'''
(* Let $k\ge3$ and let $G,H$ be $2$-connected graphs of minimum degree at least $3$ that are not $3$-connected. For vertices $v\in V(G_\perp)$ and $w\in V(H)\setminus V(H_\perp)$ we have $\chi^k_G(v)\ne\chi^k_H(w)$.
   Context: Graphs are finite, simple, undirected (possibly colored). A graph is $k$-connected if it has more than $k$ vertices and removing fewer than $k$ vertices leaves it connected. A separator of $G$ is a set $S$ with $G-S$ disconnected. $P(G)$ is the set of pairs $(S,K)$ with $S$ a separator of minimum cardinality and $K$ the vertex set of a connected component of $G-S$, partially ordered by $(S,K)\le(S',K')$ iff $K\subseteq K'$; $P_0(G)$ is the set of minimal elements; $V(G_\perp):=V(G)\setminus\bigcup_{(S,K)\in P_0(G)}K$. For $k\ge2$, the $k$-dimensional Weisfeiler–Leman algorithm computes a coloring of $V(G)^k$: the initial color of a tuple consists of its input color and the isomorphism type of the ordered induced subgraph on its entries; in each round the new color of $\bar v$ is the pair of its old color and the multiset, over $w\in V(G)$, of the $k$-tuples whose $i$-th component is the old color of $\bar v$ with its $i$-th entry replaced by $w$; the stable coloring is $\chi^k_G$, with canonical colors comparable across graphs. $\chi^k_G(v):=\chi^k_G(v,\dots,v)$. *)

theory Defs
  imports Main "HOL-Library.Multiset"
begin

definition graph :: "'a set \<Rightarrow> ('a \<Rightarrow> 'a \<Rightarrow> bool) \<Rightarrow> bool" where
  "graph V E \<longleftrightarrow> finite V \<and> (\<forall>u v. E u v \<longrightarrow> u \<in> V \<and> v \<in> V)
      \<and> (\<forall>u v. E u v \<longrightarrow> E v u) \<and> (\<forall>v. \<not> E v v)"
lemma sir_susceptible_below_level:
  assumes "R0 > 0" and traj: "sir_trajectory (\<lambda>_. R0) s i"
    and "0 < m" "s 0 < m" "sir_integral R0 (s 0) (i 0) < sir_integral R0 m 0" "t \<ge> 0"
  shows "s t < m"
proof (rule ccontr)
  assume "\<not> s t < m"
  have deriv: "\<forall>u\<ge>0. (s has_real_derivative - R0 * s u * i u) (at u within {0..})"
    using traj by (simp add: sir_trajectory_def)
  obtain t\<^sub>m where "0 < t\<^sub>m" "s t\<^sub>m = m" and below: "\<forall>u\<in>{0..<t\<^sub>m}. s u < m"
    using first_hitting_time[OF continuous_on_atLeast_if_has_real_derivative[OF deriv]]
      \<open>s 0 < m\<close> \<open>t \<ge> 0\<close> \<open>\<not> s t < m\<close> by (metis not_less)
  have "i t\<^sub>m \<le> 0" \<comment> \<open>otherwise s would be decreasing at the first time it reaches m\<close>
  proof (rule ccontr)
    assume "\<not> i t\<^sub>m \<le> 0"
    with \<open>R0 > 0\<close> \<open>0 < m\<close> have "- R0 * s t\<^sub>m * i t\<^sub>m < 0"
      by (simp add: \<open>s t\<^sub>m = m\<close> mult_pos_pos)
    then obtain d where "d > 0" and dec: "\<forall>h>0. t\<^sub>m - h \<in> {0..} \<longrightarrow> h < d \<longrightarrow> s t\<^sub>m < s (t\<^sub>m - h)"
      using has_real_derivative_neg_dec_left deriv \<open>0 < t\<^sub>m\<close> by (metis less_imp_le)
    define h where "h = min (d / 2) (t\<^sub>m / 2)"
    have "s t\<^sub>m < s (t\<^sub>m - h)" using dec \<open>d > 0\<close> \<open>0 < t\<^sub>m\<close> by (simp add: h_def)
    moreover have "s (t\<^sub>m - h) < m" using below \<open>d > 0\<close> \<open>0 < t\<^sub>m\<close> by (simp add: h_def)
    ultimately show False using \<open>s t\<^sub>m = m\<close> by simp
  qed
  then have "sir_integral R0 m 0 \<le> sir_integral R0 m (i t\<^sub>m)"
    using \<open>R0 > 0\<close> \<open>0 < m\<close> by (simp add: sir_integral_def mult_nonneg_nonpos)
  also have "\<dots> = sir_integral R0 (s 0) (i 0)"
    using sir_integral_constant[OF traj, of t\<^sub>m] \<open>0 < t\<^sub>m\<close> \<open>s t\<^sub>m = m\<close> by simp
  finally show False using assms(5) by simp
qed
'''
[Problem description]
The answer must consist of every line above that contains the word "traj".

[Finished exercise]
  assumes "R0 > 0" and traj: "sir_trajectory (\<lambda>_. R0) s i"
    using traj by (simp add: sir_trajectory_def)
    using sir_integral_constant[OF traj, of t\<^sub>m] \<open>0 < t\<^sub>m\<close> \<open>s t\<^sub>m = m\<close> by simp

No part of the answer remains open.